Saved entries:
________________________

lemma onb_orthonormal:
  fixes p :: "nat \<Rightarrow> real^'n::finite"
  assumes "length B = card V - 1" "set B \<subseteq> tang p V"
    and "\<forall>i<length B. \<forall>j<length B. B!i \<bullet> B!j = (if i = j then 1 else 0)"
  shows "length (onb p V) = card V - 1" and "set (onb p V) \<subseteq> tang p V"
    and "\<forall>i<length (onb p V). \<forall>j<length (onb p V).
           onb p V!i \<bullet> onb p V!j = (if i = j then 1 else 0)"
proof -
  define Q where "Q = (\<lambda>B. length B = card V - 1 \<and> set B \<subseteq> tang p V \<and>
      (\<forall>i<length B. \<forall>j<length B. B!i \<bullet> B!j = (if i = j then 1 else (0::real))))"
  have "Q B"
    using assms by (simp add: Q_def)
  then have "Q (onb p V)"
    unfolding onb_def Q_def[symmetric] by (rule someI)
  then show "length (onb p V) = card V - 1" and "set (onb p V) \<subseteq> tang p V"
    and "\<forall>i<length (onb p V). \<forall>j<length (onb p V).
           onb p V!i \<bullet> onb p V!j = (if i = j then 1 else 0)"
    by (simp_all add: Q_def)
qed

lemma onb_singleton: "onb p {i} = []"
proof -
  have "length (onb p {i}) = card {i} - 1"
    by (rule onb_orthonormal(1)[of "[]"]) auto
  then show ?thesis by simp
qed

lemma tang_subset_span:
  assumes "\<And>x. x \<in> V \<Longrightarrow> p x - p a \<in> span W"
  shows "tang p V \<subseteq> span W"
proof -
  have "p j - p i \<in> span W" if "i \<in> V" "j \<in> V" for i j
    using span_diff[OF assms[OF that(2)] assms[OF that(1)]] by simp
  then have "{p j - p i | i j. i \<in> V \<and> j \<in> V} \<subseteq> span W"
    by blast
  then show ?thesis
    unfolding tang_def by (rule span_minimal[OF _ subspace_span])
qed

________________________

• _Required action_
Whatever appears in the data above must be copied word for word.

• _Final answer_
lemma onb_orthonormal:
  fixes p :: "nat \<Rightarrow> real^'n::finite"
  assumes "length B = card V - 1" "set B \<subseteq> tang p V"
    and "\<forall>i<length B. \<forall>j<length B. B!i \<bullet> B!j = (if i = j then 1 else 0)"
  shows "length (onb p V) = card V - 1" and "set (onb p V) \<subseteq> tang p V"
    and "\<forall>i<length (onb p V). \<forall>j<length (onb p V).
           onb p V!i \<bullet> onb p V!j = (if i = j then 1 else 0)"
proof -
  define Q where "Q = (\<lambda>B. length B = card V - 1 \<and> set B \<subseteq> tang p V \<and>
      (\<forall>i<length B. \<forall>j<length B. B!i \<bullet> B!j = (if i = j then 1 else (0::real))))"
  have "Q B"
    using assms by (simp add: Q_def)
  then have "Q (onb p V)"
    unfolding onb_def Q_def[symmetric] by (rule someI)
  then show "length (onb p V) = card V - 1" and "set (onb p V) \<subseteq> tang p V"
    and "\<forall>i<length (onb p V). \<forall>j<length (onb p V).
           onb p V!i \<bullet> onb p V!j = (if i = j then 1 else 0)"
    by (simp_all add: Q_def)
qed

lemma onb_singleton: "onb p {i} = []"
proof -
  have "length (onb p {i}) = card {i} - 1"
    by (rule onb_orthonormal(1)[of "[]"]) auto
  then show ?thesis by simp
qed

lemma tang_subset_span:
  assumes "\<And>x. x \<in> V \<Longrightarrow> p x - p a \<in> span W"
  shows "tang p V \<subseteq> span W"
proof -
  have "p j - p i \<in> span W" if "i \<in> V" "j \<in> V" for i j
    using span_diff[OF assms[OF that(2)] assms[OF that(1)]] by simp
  then have "{p j - p i | i j. i \<in> V \<and> j \<in> V} \<subseteq> span W"
    by blast
  then show ?thesis
    unfolding tang_def by (rule span_minimal[OF _ subspace_span])
qed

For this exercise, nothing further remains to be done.